=== How to complete this task ===
From the records, pick out and copy each line containing "rotated".

=== Task data ===
definition Vfun :: "(real^'n \<Rightarrow> real) \<Rightarrow> (nat \<Rightarrow> (nat \<Rightarrow> real) \<Rightarrow> ereal) \<Rightarrow> (nat \<Rightarrow> real)
    \<Rightarrow> (nat \<Rightarrow> nat \<Rightarrow> nat \<Rightarrow> real) \<Rightarrow> real^'n^'n \<Rightarrow> (nat \<times> nat \<Rightarrow> 'n) \<Rightarrow> (nat \<Rightarrow> nat)
    \<Rightarrow> nat \<Rightarrow> real^'n \<Rightarrow> (nat \<Rightarrow> real) \<Rightarrow> ereal" where
  "Vfun f Ps L B U e N i x t =
     ereal ((\<Sum>j<N i. blk U e N i (grad f x) j * t j) + L i / 2 * (bnorm (N i) (B i) t)\<^sup>2)
     + Ps i (\<lambda>j. blk U e N i x j + t j)"

definition Tblk where
  "Tblk f Ps L B U e N i x = (THE t. t \<in> bvec (N i) \<and>
      (\<forall>s\<in>bvec (N i). Vfun f Ps L B U e N i x t \<le> Vfun f Ps L B U e N i x s))"

definition Tmap where
  "Tmap n f Ps L B U e N x = (\<Sum>i<n. emb U e N i (Tblk f Ps L B U e N i x))"

definition Hfun where
  "Hfun n f Ps L B U e N x T =
     ereal (f x + grad f x \<bullet> T + 1/2 * (Lnorm n L B U e N T)\<^sup>2) + Psi n Ps U e N (x + T)"

definition proper_closed_convex :: "nat \<Rightarrow> ((nat \<Rightarrow> real) \<Rightarrow> ereal) \<Rightarrow> bool" where
  "proper_closed_convex m g \<longleftrightarrow>
     (\<exists>t\<in>bvec m. g t < \<infinity>) \<and> (\<forall>t\<in>bvec m. g t > -\<infinity>) \<and>
     closed {(t, r::real). t \<in> bvec m \<and> g t \<le> ereal r} \<and>
     (\<forall>t\<in>bvec m. \<forall>s\<in>bvec m. \<forall>a::real. 0 \<le> a \<and> a \<le> 1 \<longrightarrow>
        g (\<lambda>j. a * t j + (1 - a) * s j) \<le> ereal a * g t + ereal (1 - a) * g s)"
lemma cyclotomic_aut_nontrivial_mod_p:
  fixes K :: "'a::field_char_0 set"
  assumes alg_closed: "\<forall>q :: 'a poly. degree q > 0 \<longrightarrow> (\<exists>x. poly q x = 0)"
    and K: "is_subfield K" and z: "is_primitive_root n z" and n: "0 < n"
    and p: "prime p" "p dvd n" and not_dvd: "\<not> p dvd card (roots_of_unity K)"
  shows "\<exists>\<sigma>\<in>field_auts (simple_ext K z) K. \<exists>a>0. (\<forall>x\<in>mu n. \<sigma> x = x ^ a) \<and> \<not> p dvd a - 1"
proof -
  define m where "m = n div p"
  have nm: "n = p * m" and "0 < m"
    using p(2) n unfolding m_def by auto
  define w where "w = z ^ m"
  have w: "is_primitive_root p w"
    using z \<open>0 < m\<close> unfolding is_primitive_root_def w_def nm by (simp flip: power_mult)
  then have "w \<notin> K"
    using primitive_root_in_subfield_dvd_card_roots_of_unity[OF K] not_dvd prime_gt_0_nat[OF p(1)]
    by blast
  then obtain \<sigma> where \<sigma>: "\<sigma> \<in> field_auts (simple_ext K z) K" "\<sigma> w \<noteq> w"
    using cyclotomic_fixed_power_in_subfield[OF alg_closed K z n] unfolding w_def by blast
  obtain b where b: "\<forall>x\<in>mu n. \<sigma> x = x ^ b"
    using cyclotomic_aut_acts_by_power[OF K z n \<sigma>(1)] by blast
  \<comment> \<open>shifting the exponent by n makes it positive without changing the action\<close>
  define a where "a = b + n"
  have a: "\<forall>x\<in>mu n. \<sigma> x = x ^ a"
    using b unfolding a_def mu_def by (simp add: power_add)
  have "w \<in> mu n"
    using w unfolding mu_def nm is_primitive_root_def by simp
  then have "w ^ a \<noteq> w"
    using a \<sigma>(2) by simp
  moreover have "w ^ a = w" if "p dvd a - 1"
  proof -
    from that obtain t where "a - 1 = p * t" ..
    then have "a = 1 + p * t"
      using n unfolding a_def by linarith
    moreover have "w ^ p = 1"
      using w unfolding is_primitive_root_def by simp
    ultimately show ?thesis
      by (simp add: power_add power_mult)
  qed
  ultimately show ?thesis
    using \<sigma>(1) a n unfolding a_def by auto
qed

lemma cyclotomic_aut_invertible_on_mu_prime_power:
  fixes K :: "'a::field_char_0 set"
  assumes alg_closed: "\<forall>q :: 'a poly. degree q > 0 \<longrightarrow> (\<exists>x. poly q x = 0)"
    and K: "is_subfield K" and z: "is_primitive_root n z" and n: "0 < n"
    and p: "prime p" and not_dvd: "\<not> p dvd card (roots_of_unity K)"
  defines "k \<equiv> multiplicity p n"
  shows "\<exists>\<sigma>\<in>field_auts (simple_ext K z) K. \<exists>a>0.
    (\<forall>x\<in>mu (p ^ k). \<sigma> x = x ^ a) \<and> coprime (a - 1) (p ^ k)"
proof (cases "p dvd n")
  case True
  then obtain \<sigma> a where "\<sigma> \<in> field_auts (simple_ext K z) K" "\<forall>x\<in>mu n. \<sigma> x = x ^ a" "0 < a"
    "\<not> p dvd a - 1"
    using cyclotomic_aut_nontrivial_mod_p[OF alg_closed K z n p] not_dvd by blast
  moreover have "mu (p ^ k) \<subseteq> (mu n :: 'a set)"
    unfolding k_def by (intro mu_subset_of_dvd multiplicity_dvd)
  moreover from calculation have "coprime (a - 1) (p ^ k)"
    using p by (simp add: prime_imp_coprime coprime_commute)
  ultimately show ?thesis
    by blast
next
  case False
  then have "k = 0"
    unfolding k_def by (simp add: not_dvd_imp_multiplicity_0)
  then show ?thesis
    using id_in_field_auts by (intro bexI[of _ id] exI[of _ 1]) auto
qed
(* Fix r columns J and a set S of fewer than s <= c r of them. A single row has exactly one 1
   on J, and it lies outside S, with probability |J - S| (1/r) (1 - 1/r)^(r-1) >= (1 - c)/e;
   since the rows are independent, all t rows miss this event with probability at most
   (1 - (1 - c)/e)^t. If no pair (J, S) is missed, choosing rows greedily, each isolating a
   column not isolated before, gives s rows whose restrictions to J are distinct vectors of
   weight one. A union bound over the at most (n choose r) 2^r pairs, with
   (n choose r) <= (e n/r)^r and log (1/c) <= 4 (1 - c), bounds the failure probability by
   delta once t >= 36 (r log (n/r) + log (1/delta)) / log (1/c). *)

lemma Pi_pmf_Times_curry:
  assumes A: "finite A" and B: "finite B"
  shows "map_pmf curry (Pi_pmf (A \<times> B) dflt p)
       = Pi_pmf A (\<lambda>_. dflt) (\<lambda>a. Pi_pmf B dflt (\<lambda>b. p (a, b)))" (is "?L = ?R")
proof (rule pmf_eqI)
  fix g :: "'a \<Rightarrow> 'b \<Rightarrow> 'c"
  have "pmf ?L g = pmf (Pi_pmf (A \<times> B) dflt p) (case_prod g)"
    by (metis case_prod_curry curry_case_prod injI pmf_map_inj')
  also have "\<dots> = pmf ?R g"
  proof (cases "\<forall>a b. (a, b) \<notin> A \<times> B \<longrightarrow> g a b = dflt")
    case True
    have "case_prod g x = dflt" if "x \<notin> A \<times> B" for x
      using True that by (cases x) auto
    then have "pmf (Pi_pmf (A \<times> B) dflt p) (case_prod g) = (\<Prod>a\<in>A. \<Prod>b\<in>B. pmf (p (a, b)) (g a b))"
      using A B by (simp add: pmf_Pi' prod.cartesian_product case_prod_unfold)
    also have "\<dots> = (\<Prod>a\<in>A. pmf (Pi_pmf B dflt (\<lambda>b. p (a, b))) (g a))"
      using True B by (intro prod.cong refl, subst pmf_Pi') auto
    also have "\<dots> = pmf ?R g"
      using True A by (subst pmf_Pi') (auto simp: fun_eq_iff)
    finally show ?thesis .
  next
    case False
    then obtain a b where ab: "(a, b) \<notin> A \<times> B" "g a b \<noteq> dflt" by blast
    show ?thesis
    proof (cases "a \<in> A")
      case True
      then have "pmf (Pi_pmf B dflt (\<lambda>b. p (a, b))) (g a) = 0"
        using ab B by (intro pmf_Pi_outside) auto
      then show ?thesis
        using True ab A B by (subst (1 2) pmf_Pi) (auto intro: prod_zero)
    next
      case False
      then show ?thesis
        using ab A B by (subst (1 2) pmf_Pi) (auto simp: fun_eq_iff)
    qed
  qed
  finally show "pmf ?L g = pmf ?R g" .
qed
lemma card_rank_le_less:
  fixes K :: "'a::{field,finite} set"
  assumes K: "is_subfield K" and "1 \<le> r" and "1 < card (UNIV :: 'a set)"
  shows "card {x \<in> vecs n. rk K n x \<le> r} < card (UNIV :: 'a set) ^ r * (card K ^ r) ^ n"
proof -
  define T where "T w = {x \<in> vecs n. \<forall>i<n. x i \<in> coord_span K r w}" for w :: "nat \<Rightarrow> 'a"
  define X where "X = (card K ^ r) ^ n"
  have finite_T: "finite (T w)" for w
    unfolding T_def using finite_vecs by (rule finite_subset[rotated]) blast
  have card_T: "card (T w) \<le> X" for w
  proof -
    have "card (T w) = (card K ^ rk K r w) ^ n"
      unfolding T_def card_vecs_Pi card_coord_span[OF K] by simp
    also have "\<dots> \<le> X"
      unfolding X_def using card_subfield_ge_2[OF K] rk_le[of K r w]
      by (intro power_mono power_increasing) auto
    finally show ?thesis .
  qed
  have "{x \<in> vecs n. rk K n x \<le> r} \<subseteq> (\<Union>w\<in>vecs r. T w)"
    unfolding T_def by (rule rank_le_subset_UN_coord_span[OF K])
  then have "card {x \<in> vecs n. rk K n x \<le> r} \<le> card (\<Union>w\<in>vecs r. T w)"
    by (rule card_mono[rotated]) (simp add: finite_T finite_vecs)
  also have "\<dots> \<le> Suc (\<Sum>w\<in>vecs r. card (T w) - 1)"
    using subspace_coord_span[OF K] finite_T finite_vecs
    by (intro card_UN_le_common_point[where z = "\<lambda>_. 0"]) (auto simp: T_def vecs_def subspace_over_def)
  also have "\<dots> \<le> Suc (card (UNIV :: 'a set) ^ r * (X - 1))"
    using sum_mono[of "vecs r" "\<lambda>w. card (T w) - 1" "\<lambda>_. X - 1"] card_T
    by (simp add: card_vecs diff_le_mono)
  also have "\<dots> < card (UNIV :: 'a set) ^ r * X"
  proof -
    have "1 \<le> X" unfolding X_def using card_subfield_ge_2[OF K] by simp
    moreover have "1 < card (UNIV :: 'a set) ^ r" using assms(2,3) by (intro one_less_power) auto
    ultimately show ?thesis by (cases X) auto
  qed
  finally show ?thesis unfolding X_def .
qed
(* Let $w\in\mathcal S_n$ and $a\in\mathrm R(w)$. Then $d([a_{\min}],[a])=t(a_{\min},a)=|\mathrm{sup}(a)|$ and $d([a],[a_{\max}])=t(a,a_{\max})=|\mathrm T_w|-|\mathrm{sup}(a)|$. In particular $d([a_{\min}],[a_{\max}])=|\mathrm T_w|$.
   Context: Permutations are in one-line notation; $\mathrm{Des}(u)=\{i:u_i>u_{i+1}\}$. A word $a=a_1\cdots a_\ell$ with letters in $\{1,\dots,n-1\}$ acts on a word of length $n$ by successively swapping the entries in positions $a_j$ and $a_j+1$. $\mathrm R(w)$: reduced words of $w$ (length $\ell(w)$ = number of inversions, action on $12\cdots n$ yields $w$). Commutation: replace a factor $ij$, $|i-j|\ge2$, by $ji$; long braid relation: replace $i(i+1)i$ by $(i+1)i(i+1)$ or vice versa; $[a]$ is the commutation class of $a$. $C(w)$: vertices are commutation classes, $[a]\ne[b]$ adjacent if some $a'\in[a]$, $b'\in[b]$ differ by one long braid relation; $d$ is its graph distance. $a_{\min}$ (resp. $a_{\max}$): set $w^0=w$, for $j=0,\dots,\ell(w)-1$ let $i_j$ be the smallest (resp. largest) element of $\mathrm{Des}(w^j)$ and obtain $w^{j+1}$ by swapping entries in positions $i_j,i_j+1$; the word is $i_{\ell(w)-1}\cdots i_0$. For an inversion $(p,q)$ of $w$, $P_a(p,q)$ is the index of the step of $a$ swapping $p$ and $q$. $\mathrm T_w$: triples $(x,y,z)$, $x<y<z$, with $z,y,x$ in this order in $w$. $\Gamma(a,(x,y,z))=1$ if $P_a(y,x)>P_a(z,y)$, else $0$. $t(a,b)$ is the number of triples $\tau\in\mathrm T_w$ with $\Gamma(a,\tau)\ne\Gamma(b,\tau)$. $\mathrm{sup}(a)=\{\tau\in\mathrm T_w:\Gamma(a,\tau)=1\}$. *)

theory Defs
  imports Main
begin
(* Let $\nu\ge7$ and $n=2^\nu$. Then the alternating group $\mathrm{Alt}((\mathbb{F}_2)^\nu)$ on the $n$-element set $(\mathbb{F}_2)^\nu$ contains an element $\eta$ of even order with $\mathrm{o}(\eta)>e^{\sqrt{(1/4)\,n\ln n}}$.
   Context: $\mathrm{o}(\eta)$ denotes the order of the permutation $\eta$. *)

theory Defs
  imports Complex_Main "HOL-Combinatorics.Permutations"
begin

definition F2vec :: "nat \<Rightarrow> bool list set" where
  "F2vec \<nu> = {xs. length xs = \<nu>}"

definition Alt :: "'a set \<Rightarrow> ('a \<Rightarrow> 'a) set" where
  "Alt X = {p. p permutes X \<and> evenperm p}"

definition perm_order :: "('a \<Rightarrow> 'a) \<Rightarrow> nat" where
  "perm_order p = (LEAST k. 0 < k \<and> (p ^^ k) = id)"

end

theory Submission
  imports Defs "HOL-Analysis.Harmonic_Numbers" "HOL-Computational_Algebra.Primes"
begin

text \<open>A permutation whose cycle lengths form a set \<open>A\<close> of positive integers with
  \<open>\<Sum>A \<le> n\<close> has order \<open>lcm A\<close>; if \<open>4\<close> divides \<open>lcm A\<close>, its square is an even permutation
  of even order \<open>lcm A / 2\<close>. For large \<open>n = 2\<^sup>\<nu>\<close> take for \<open>A\<close> the maximal prime powers
  \<open>p\<^sup>k \<le> N\<close>, with \<open>N\<close> as large as possible subject to their sum being at most \<open>n\<close>.
  Then \<open>lcm A = lcm(1..N) \<ge> 2\<^sup>N\<^sup>-\<^sup>2\<close> by Nair's argument, and maximality of \<open>N\<close> gives
  \<open>n < (N + 1)\<^sup>2\<close> and \<open>n ln (N + 1) < (N + 1) (ln (N + 1) + ln lcm(1..N))\<close>, because a prime
  power \<open>q \<le> N + 1\<close> satisfies \<open>q ln (N + 1) \<le> (N + 1) ln q\<close>. These bounds force
  \<open>lcm(1..N) / 2 > exp (\<surd>(n ln n / 4))\<close>. For \<open>\<nu> \<le> 10\<close> explicit cycle types suffice.\<close>

section \<open>Permutations with prescribed cycle lengths\<close>

definition rotate_residue :: "nat \<times> nat \<Rightarrow> nat \<times> nat" where
  "rotate_residue = (\<lambda>(l, r). (l, Suc r mod l))"

lemma funpow_rotate_residue:
  "r < l \<Longrightarrow> (rotate_residue ^^ k) (l, r) = (l, (r + k) mod l)"
  by (induction k) (simp_all add: rotate_residue_def mod_Suc_eq)

definition transport_perm :: "('b \<Rightarrow> 'a) \<Rightarrow> 'b set \<Rightarrow> ('b \<Rightarrow> 'b) \<Rightarrow> 'a \<Rightarrow> 'a" where
  "transport_perm g Y c x = (if x \<in> g ` Y then g (c (inv_into Y g x)) else x)"

lemma transport_perm_image:
  assumes "inj_on g Y" "y \<in> Y"
  shows "transport_perm g Y c (g y) = g (c y)"
  using assms by (simp add: transport_perm_def)

lemma funpow_transport_perm:
  assumes g: "inj_on g Y" and c: "c ` Y \<subseteq> Y"
  shows "transport_perm g Y c ^^ k = transport_perm g Y (c ^^ k)"
proof (induction k)
  case 0
  show ?case by (auto simp: fun_eq_iff transport_perm_def f_inv_into_f)
next
  case (Suc k)
  have "transport_perm g Y c (transport_perm g Y (c ^^ k) x) = transport_perm g Y (c ^^ Suc k) x"
    for x
  proof (cases "x \<in> g ` Y")
    case True
    then obtain y where y: "y \<in> Y" "x = g y" by blast
    have "(c ^^ k) y \<in> Y" using y(1) c by (induction k) auto
    then show ?thesis using y by (simp add: transport_perm_image g)
  qed (simp add: transport_perm_def)
  then show ?case by (auto simp: Suc fun_eq_iff comp_def)
qed

lemma transport_perm_eq_id_iff:
  assumes g: "inj_on g Y" and c: "c ` Y \<subseteq> Y"
  shows "transport_perm g Y c = id \<longleftrightarrow> (\<forall>y\<in>Y. c y = y)"
proof
  assume "transport_perm g Y c = id"
  then have "g (c y) = g y" if "y \<in> Y" for y
    using transport_perm_image[OF g that, of c] by simp
  then show "\<forall>y\<in>Y. c y = y" using c by (meson g image_subset_iff inj_onD)
qed (auto simp: fun_eq_iff transport_perm_def inv_into_f_f g)

lemma funpow_eq_id_imp_permutes:
  assumes "p ^^ k = id" "0 < k" "\<And>x. x \<notin> S \<Longrightarrow> p x = x"
  shows "p permutes S"
proof -
  obtain j where k: "k = Suc j" using assms(2) gr0_implies_Suc by blast
  have "p ^^ j \<circ> p = id" using assms(1) by (simp add: k funpow_Suc_right del: funpow.simps)
  moreover have "p \<circ> p ^^ j = id" using assms(1) by (simp add: k)
  ultimately have "bij p" by (rule o_bij)
  then show ?thesis using assms(3) by (simp add: permutes_def bij_iff)
qed

text \<open>A product of disjoint cycles whose lengths are the elements of \<open>A\<close>.\<close>
lemma exists_permutes_funpow_eq_id_iff_Lcm_dvd:
  fixes A :: "nat set"
  assumes X: "finite X" and A: "finite A" "0 \<notin> A" "\<Sum>A \<le> card X"
  shows "\<exists>\<theta>. \<theta> permutes X \<and> (\<forall>k. \<theta> ^^ k = id \<longleftrightarrow> Lcm A dvd k)"
proof -
  define Y where "Y = Sigma A (\<lambda>l. {..<l})"
  have "finite Y" "card Y = \<Sum>A" using A(1) by (auto simp: Y_def card_SigmaI)
  then obtain g where g: "g ` Y \<subseteq> X" "inj_on g Y"
    using card_le_inj[OF \<open>finite Y\<close> X] A(3) by auto
  have rot_Y: "(rotate_residue ^^ k) ` Y \<subseteq> Y" for k
    using A(2) by (auto simp: Y_def funpow_rotate_residue)
  define \<theta> where "\<theta> = transport_perm g Y rotate_residue"
  have rot_id: "(\<forall>y\<in>Y. (rotate_residue ^^ k) y = y) \<longleftrightarrow> (\<forall>l\<in>A. l dvd k)" for k
  proof -
    have cycle: "(\<forall>r<l. (r + k) mod l = r) \<longleftrightarrow> l dvd k" if "l \<in> A" for l
    proof
      assume "\<forall>r<l. (r + k) mod l = r"
      moreover have "0 < l" using that A(2) by (metis gr0I)
      ultimately have "(0 + k) mod l = 0" by blast
      then show "l dvd k" by (simp add: dvd_eq_mod_eq_0)
    qed (auto elim!: dvdE)
    have "(\<forall>y\<in>Y. (rotate_residue ^^ k) y = y) \<longleftrightarrow> (\<forall>l\<in>A. \<forall>r<l. (r + k) mod l = r)"
      by (auto simp: Y_def funpow_rotate_residue)
    also have "\<dots> \<longleftrightarrow> (\<forall>l\<in>A. l dvd k)" by (simp add: cycle)
    finally show ?thesis .
  qed
  have order: "\<theta> ^^ k = id \<longleftrightarrow> Lcm A dvd k" for k
    using rot_Y[of 1] rot_Y[of k] rot_id[of k]
    by (simp add: \<theta>_def funpow_transport_perm transport_perm_eq_id_iff g Lcm_dvd_iff)
  have "Lcm A \<noteq> 0" using A(1,2) by (simp add: Lcm_0_iff)
  moreover have "\<theta> x = x" if "x \<notin> X" for x
    using that g(1) by (auto simp: \<theta>_def transport_perm_def)
  ultimately have "\<theta> permutes X" using order[of "Lcm A"] by (intro funpow_eq_id_imp_permutes) auto
  with order show ?thesis by blast
qed

lemma perm_order_eqI:
  assumes "0 < L" "\<And>k. p ^^ k = id \<longleftrightarrow> L dvd k"
  shows "perm_order p = L"
  unfolding perm_order_def
proof (rule Least_equality)
  show "0 < L \<and> p ^^ L = id" using assms by simp
  show "L \<le> k" if "0 < k \<and> p ^^ k = id" for k
    using that assms(2) by (auto intro: dvd_imp_le)
qed

text \<open>Squaring makes the permutation even and halves its order.\<close>
lemma exists_Alt_perm_order_half_Lcm:
  fixes A :: "nat set"
  assumes X: "finite X" and A: "finite A" "0 \<notin> A" "\<Sum>A \<le> card X" "even (Lcm A)"
  shows "\<exists>\<eta>\<in>Alt X. perm_order \<eta> = Lcm A div 2"
proof -
  obtain \<theta> where \<theta>: "\<theta> permutes X" "\<And>k. \<theta> ^^ k = id \<longleftrightarrow> Lcm A dvd k"
    using exists_permutes_funpow_eq_id_iff_Lcm_dvd[OF X A(1-3)] by blast
  obtain m where m: "Lcm A = 2 * m" using A(4) by blast
  have "Lcm A \<noteq> 0" using A(1,2) by (simp add: Lcm_0_iff)
  then have "m \<noteq> 0" using m by simp
  have "\<theta> \<circ> \<theta> = \<theta> ^^ 2" by (simp add: numeral_2_eq_2)
  then have "(\<theta> \<circ> \<theta>) ^^ k = \<theta> ^^ (2 * k)" for k by (simp only: funpow_mult)
  then have "perm_order (\<theta> \<circ> \<theta>) = m"
    using \<open>m \<noteq> 0\<close> by (intro perm_order_eqI) (simp_all add: \<theta>(2) m)
  moreover have "\<theta> \<circ> \<theta> \<in> Alt X"
    using \<theta>(1) permutes_imp_permutation[OF X \<theta>(1)]
    by (simp add: Alt_def permutes_compose evenperm_comp)
  ultimately show ?thesis using m by auto
qed

lemma exists_Alt_even_order_gt:
  fixes A :: "nat set" and B :: real
  assumes "finite X" "finite A" "0 \<notin> A" "\<Sum>A \<le> card X" "4 dvd Lcm A" "B < real (Lcm A) / 2"
  shows "\<exists>\<eta>\<in>Alt X. even (perm_order \<eta>) \<and> B < real (perm_order \<eta>)"
proof -
  obtain m where m: "Lcm A = 4 * m" using assms(5) by blast
  then have "even (Lcm A)" by simp
  then obtain \<eta> where \<eta>: "\<eta> \<in> Alt X" "perm_order \<eta> = 2 * m"
    using exists_Alt_perm_order_half_Lcm[OF assms(1-4)] m by auto
  then have "even (perm_order \<eta>)" "B < real (perm_order \<eta>)" using assms(6) m by simp_all
  with \<eta>(1) show ?thesis by blast
qed

section \<open>Nair's lower bound for \<open>lcm(1..N)\<close>\<close>

text \<open>This is the Beta integral \<open>\<integral>\<^sub>0\<^sup>1 x\<^sup>a\<^sup>-\<^sup>1 (1-x)\<^sup>b dx\<close>, expanded by the binomial theorem.\<close>
definition beta_sum :: "nat \<Rightarrow> nat \<Rightarrow> real" where
  "beta_sum a b = (\<Sum>i\<le>b. (-1) ^ i * real (b choose i) / real (a + i))"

=== Result of the task ===
    unfolding T_def using finite_vecs by (rule finite_subset[rotated]) blast
    by (rule card_mono[rotated]) (simp add: finite_T finite_vecs)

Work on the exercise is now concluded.